Entries taken from a collection ->
(* For every regular expression $R$ and every database $D$, $\llbracket R\rrbracket_{BT}(D)=\pi_D\circ\mathrm{bindingtrail}\circ\mathrm{match}_{\mathcal{A}}(D)$ (as bags), where $\mathcal{A}=Gl(R)$, $\mathrm{match}_{\mathcal{A}}(D)$ is the bag of all runs of $D\times\mathcal{A}$, and $\mathrm{bindingtrail}$ is the filter keeping exactly the runs $(n_0,q_0)(e_0,\delta_0)(n_1,q_1)\cdots(e_{k-1},\delta_{k-1})(n_k,q_k)$ in which the pairs $(e_i,q_{i+1})$, $0\le i<k$, are pairwise distinct.
   Context: A database is $D=(\Sigma,V,E,\mathrm{src},\mathrm{tgt},\mathrm{lbl})$ with finite alphabet $\Sigma$, finite vertex set $V$, finite edge set $E$, $\mathrm{src},\mathrm{tgt}:E\to V$, $\mathrm{lbl}:E\to2^\Sigma$; walks are alternating sequences $(n_0,e_0,\dots,e_{k-1},n_k)$ with $\mathrm{src}(e_i)=n_i$, $\mathrm{tgt}(e_i)=n_{i+1}$, and $\mathrm{lbl}(w)=\{u_0\cdots u_{k-1}:u_i\in\mathrm{lbl}(e_i)\}$. Regular expressions over $\Sigma$: $R::=\varepsilon\mid a\mid R^*\mid R\cdot R\mid R+R$ ($a\in\Sigma$). A linearisation $R'$ of $R$ replaces each atom occurrence by a distinct fresh symbol (a position) from an alphabet $\Gamma$; for $\alpha\in\Gamma$, $\overline{\alpha}\in\Sigma$ is the letter it replaced, extended to words. The Glushkov automaton $Gl(R)$ is the trim part of $(\Sigma,\{i\}\uplus\Gamma,\Delta,\{i\},F)$ with $\Delta=\{(\alpha,\overline\beta,\beta):\exists u,v\in\Gamma^*,\ u\alpha\beta v\in L(R')\}\cup\{(i,\overline\alpha,\alpha):\exists u\in\Gamma^*,\ \alpha u\in L(R')\}$ and $F=\{\alpha:\exists u,\ u\alpha\in L(R')\}\cup(\{i\}$ if $\varepsilon\in L(R'))$. For an automaton $\mathcal{A}=(\Sigma,Q,\Delta,I,F)$ the run database $D\times\mathcal{A}$ has vertices $V\times Q$ and edges $(e,\delta)$ with $e\in E$, $\delta=(q,a,q')\in\Delta$, $a\in\mathrm{lbl}(e)$, from $(\mathrm{src}(e),q)$ to $(\mathrm{tgt}(e),q')$; runs are its walks from $V\times I$ to $V\times F$; $\pi_D$ projects to $D$. A binding trail of $D$ matching $R$ is a sequence $(e_1,\alpha_1)\cdots(e_n,\alpha_n)\in(E\times\Gamma)^*$ such that $e_1\cdots e_n$ forms a walk of $D$, $\overline{\alpha_1\cdots\alpha_n}\in\mathrm{lbl}(e_1\cdots e_n)$, $\alpha_1\cdots\alpha_n\in L(R')$, and the pairs $(e_i,\alpha_i)$ are pairwise distinct. The binding-trail semantics $\llbracket R\rrbracket_{BT}(D)$ is the bag of projections $\pi_D$ (onto the walk $e_1\cdots e_n$) of all binding trails of $D$ matching $R$. *)

theory Defs
  imports Main "HOL-Library.Extended_Nat"
begin

record ('s,'v,'e) db =
  alph  :: "'s set"
  verts :: "'v set"
  edges :: "'e set"
  src   :: "'e \<Rightarrow> 'v"
  tgt   :: "'e \<Rightarrow> 'v"
  lbl   :: "'e \<Rightarrow> 's set"

definition wf_db :: "('s,'v,'e) db \<Rightarrow> bool" where
  "wf_db D \<longleftrightarrow> finite (alph D) \<and> finite (verts D) \<and> finite (edges D)
     \<and> src D ` edges D \<subseteq> verts D \<and> tgt D ` edges D \<subseteq> verts D
     \<and> (\<forall>e\<in>edges D. lbl D e \<subseteq> alph D)"

text \<open>A walk (n0,e0,n1,...,e_{k-1},nk) is represented by its start vertex n0 and
  its edge list [e0,...,e_{k-1}]; the intermediate vertices are determined.\<close>

fun chain :: "('s,'v,'e) db \<Rightarrow> 'v \<Rightarrow> 'e list \<Rightarrow> bool" where
  "chain D n [] = True"
| "chain D n (e # es) \<longleftrightarrow> src D e = n \<and> chain D (tgt D e) es"

definition is_walk :: "('s,'v,'e) db \<Rightarrow> 'v \<times> 'e list \<Rightarrow> bool" where
  "is_walk D w \<longleftrightarrow> fst w \<in> verts D \<and> set (snd w) \<subseteq> edges D \<and> chain D (fst w) (snd w)"

definition walk_end :: "('s,'v,'e) db \<Rightarrow> 'v \<times> 'e list \<Rightarrow> 'v" where
  "walk_end D w = (if snd w = [] then fst w else tgt D (last (snd w)))"

definition in_walk_lbl :: "('s,'v,'e) db \<Rightarrow> 's list \<Rightarrow> 'e list \<Rightarrow> bool" where
  "in_walk_lbl D u es \<longleftrightarrow> list_all2 (\<lambda>a e. a \<in> lbl D e) u es"

text \<open>Bags are represented by multiplicity functions into enat (possibly infinite).\<close>

definition bag_count :: "'x set \<Rightarrow> enat" where
  "bag_count S = (if finite S then enat (card S) else \<infinity>)"

definition bag_image :: "('x \<Rightarrow> 'y) \<Rightarrow> 'x set \<Rightarrow> 'y \<Rightarrow> enat" where
  "bag_image f S = (\<lambda>y. bag_count {x \<in> S. f x = y})"

datatype 'a rexp = Eps | Atom 'a | Star "'a rexp" | Conc "'a rexp" "'a rexp" | Plus "'a rexp" "'a rexp"

fun atoms :: "'a rexp \<Rightarrow> 'a set" where
  "atoms Eps = {}"
| "atoms (Atom a) = {a}"
| "atoms (Star r) = atoms r"
| "atoms (Conc r s) = atoms r \<union> atoms s"
| "atoms (Plus r s) = atoms r \<union> atoms s"

inductive_set star_lang :: "'a list set \<Rightarrow> 'a list set" for L where
  star_nil: "[] \<in> star_lang L"
| star_app: "u \<in> L \<Longrightarrow> v \<in> star_lang L \<Longrightarrow> u @ v \<in> star_lang L"

fun lang :: "'a rexp \<Rightarrow> 'a list set" where
  "lang Eps = {[]}"
| "lang (Atom a) = {[a]}"
| "lang (Star r) = star_lang (lang r)"
| "lang (Conc r s) = {u @ v | u v. u \<in> lang r \<and> v \<in> lang s}"
| "lang (Plus r s) = lang r \<union> lang s"

text \<open>Linearisation: the k-th atom occurrence (left to right, from 0) labelled a
  becomes the position (k,a); hence distinct occurrences get distinct positions,
  and the letter replaced by position \<alpha> is snd \<alpha>.\<close>

fun linf :: "nat \<Rightarrow> 'a rexp \<Rightarrow> (nat \<times> 'a) rexp \<times> nat" where
  "linf n Eps = (Eps, n)"
| "linf n (Atom a) = (Atom (n, a), Suc n)"
| "linf n (Star r) = (let (r', m) = linf n r in (Star r', m))"
| "linf n (Conc r s) = (let (r', m) = linf n r; (s', k) = linf m s in (Conc r' s', k))"
| "linf n (Plus r s) = (let (r', m) = linf n r; (s', k) = linf m s in (Plus r' s', k))"

definition lin :: "'a rexp \<Rightarrow> (nat \<times> 'a) rexp" where
  "lin R = fst (linf 0 R)"

abbreviation ovl :: "nat \<times> 'a \<Rightarrow> 'a" where
  "ovl \<alpha> \<equiv> snd \<alpha>"

record ('s,'q) nfa =
  states :: "'q set"
  trans  :: "('q \<times> 's \<times> 'q) set"
  init   :: "'q set"
  final  :: "'q set"

definition step_rel :: "('s,'q) nfa \<Rightarrow> ('q \<times> 'q) set" where
  "step_rel A = {(q, q'). \<exists>a. (q, a, q') \<in> trans A}"

definition useful :: "('s,'q) nfa \<Rightarrow> 'q set" where
  "useful A = {q \<in> states A. (\<exists>p\<in>init A. (p, q) \<in> (step_rel A)\<^sup>*)
                            \<and> (\<exists>f\<in>final A. (q, f) \<in> (step_rel A)\<^sup>*)}"

definition trim :: "('s,'q) nfa \<Rightarrow> ('s,'q) nfa" where
  "trim A = \<lparr> states = useful A,
              trans = {(q, a, q') \<in> trans A. q \<in> useful A \<and> q' \<in> useful A},
              init = init A \<inter> useful A,
              final = final A \<inter> useful A \<rparr>"

text \<open>States: None is the initial state i, Some \<alpha> is position \<alpha>.\<close>
definition glushkov_full :: "'a rexp \<Rightarrow> ('a, (nat \<times> 'a) option) nfa" where
  "glushkov_full R = (let R' = lin R; \<Gamma> = atoms R' in
     \<lparr> states = {None} \<union> Some ` \<Gamma>,
       trans = {(Some \<alpha>, ovl \<beta>, Some \<beta>) | \<alpha> \<beta>. \<alpha> \<in> \<Gamma> \<and> \<beta> \<in> \<Gamma> \<and>
                   (\<exists>u v. u @ [\<alpha>, \<beta>] @ v \<in> lang R')}
             \<union> {(None, ovl \<alpha>, Some \<alpha>) | \<alpha>. \<alpha> \<in> \<Gamma> \<and> (\<exists>u. \<alpha> # u \<in> lang R')},
       init = {None},
       final = {Some \<alpha> | \<alpha>. \<alpha> \<in> \<Gamma> \<and> (\<exists>u. u @ [\<alpha>] \<in> lang R')}
               \<union> (if [] \<in> lang R' then {None} else {}) \<rparr>)"

definition Gl :: "'a rexp \<Rightarrow> ('a, (nat \<times> 'a) option) nfa" where
  "Gl R = trim (glushkov_full R)"

definition run_db :: "('s,'v,'e) db \<Rightarrow> ('s,'q) nfa
                      \<Rightarrow> ('s, 'v \<times> 'q, 'e \<times> ('q \<times> 's \<times> 'q)) db" where
  "run_db D A = \<lparr> alph = alph D,
     verts = verts D \<times> states A,
     edges = {(e, \<delta>). e \<in> edges D \<and> \<delta> \<in> trans A \<and> fst (snd \<delta>) \<in> lbl D e},
     src = (\<lambda>(e, (q, a, q')). (src D e, q)),
     tgt = (\<lambda>(e, (q, a, q')). (tgt D e, q')),
     lbl = (\<lambda>(e, (q, a, q')). {a}) \<rparr>"

text \<open>match_A(D): the set (= bag, each run occurring once) of all runs of D \<times> A.\<close>
definition match :: "('s,'q) nfa \<Rightarrow> ('s,'v,'e) db
                     \<Rightarrow> (('v \<times> 'q) \<times> ('e \<times> ('q \<times> 's \<times> 'q)) list) set" where
  "match A D = {r. is_walk (run_db D A) r \<and> snd (fst r) \<in> init A
                   \<and> snd (walk_end (run_db D A) r) \<in> final A}"

definition proj_run :: "(('v \<times> 'q) \<times> ('e \<times> ('q \<times> 's \<times> 'q)) list) \<Rightarrow> 'v \<times> 'e list" where
  "proj_run r = (fst (fst r), map fst (snd r))"

definition bindingtrail :: "(('v \<times> 'q) \<times> ('e \<times> ('q \<times> 's \<times> 'q)) list) set
                            \<Rightarrow> (('v \<times> 'q) \<times> ('e \<times> ('q \<times> 's \<times> 'q)) list) set" where
  "bindingtrail S = {r \<in> S. distinct (map (\<lambda>(e, (q, a, q')). (e, q')) (snd r))}"

text \<open>A binding trail is recorded together with the start vertex of its walk
  (needed for the empty trail, whose walk is a single vertex).\<close>
definition is_binding_trail :: "('a,'v,'e) db \<Rightarrow> 'a rexp \<Rightarrow> 'v \<times> ('e \<times> (nat \<times> 'a)) list \<Rightarrow> bool" where
  "is_binding_trail D R t \<longleftrightarrow>
     is_walk D (fst t, map fst (snd t))
     \<and> in_walk_lbl D (map (\<lambda>x. ovl (snd x)) (snd t)) (map fst (snd t))
     \<and> map snd (snd t) \<in> lang (lin R)
     \<and> distinct (snd t)"

definition proj_bt :: "'v \<times> ('e \<times> (nat \<times> 'a)) list \<Rightarrow> 'v \<times> 'e list" where
  "proj_bt t = (fst t, map fst (snd t))"

definition BT_sem :: "'a rexp \<Rightarrow> ('a,'v,'e) db \<Rightarrow> 'v \<times> 'e list \<Rightarrow> enat" where
  "BT_sem R D = bag_image proj_bt {t. is_binding_trail D R t}"

end

theory Submission
  imports Defs
begin

(*
  Linearisation makes every atom of R' occur once, and for such a linear expression
  membership is local: a nonempty word lies in the language iff its first letter can
  begin a word, its last letter can end one, and each pair of adjacent letters occurs
  adjacently in some word.  This is proved by induction on the expression: the operands
  of Conc and Plus have disjoint atoms, so a locally correct word splits along them.

  The Glushkov automaton checks exactly these local conditions and enters state b
  whenever it reads position b.  So its accepting paths from i spell the words of L(R'),
  and trimming removes none of them.  A run of D x Gl(R) is therefore determined by its
  start vertex and its pairs (e_k, q_(k+1)).  Reading these pairs as the (e_k, alpha_k)
  of a binding trail gives a bijection between binding trails and the runs kept by the
  bindingtrail filter.  It commutes with the projections onto D, hence the two bags are
  equal.
*)

definition firsts :: "'a list set \<Rightarrow> 'a set" where
  "firsts L = {a. \<exists>u. a # u \<in> L}"

definition lasts :: "'a list set \<Rightarrow> 'a set" where
  "lasts L = {a. \<exists>u. u @ [a] \<in> L}"

definition follows :: "'a list set \<Rightarrow> 'a \<Rightarrow> 'a \<Rightarrow> bool" where
  "follows L a b \<longleftrightarrow> (\<exists>u v. u @ [a, b] @ v \<in> L)"

definition local_word :: "'a list set \<Rightarrow> 'a list \<Rightarrow> bool" where
  "local_word L w \<longleftrightarrow>
     w \<noteq> [] \<and> hd w \<in> firsts L \<and> last w \<in> lasts L \<and> successively (follows L) w"

lemma firsts_Un [simp]: "firsts (A \<union> B) = firsts A \<union> firsts B"
  by (auto simp: firsts_def)

lemma lasts_Un [simp]: "lasts (A \<union> B) = lasts A \<union> lasts B"
  by (auto simp: lasts_def)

Try it -> Each line above that contains "these" counts once; report the resulting number and nothing else.

Result of this task -> 2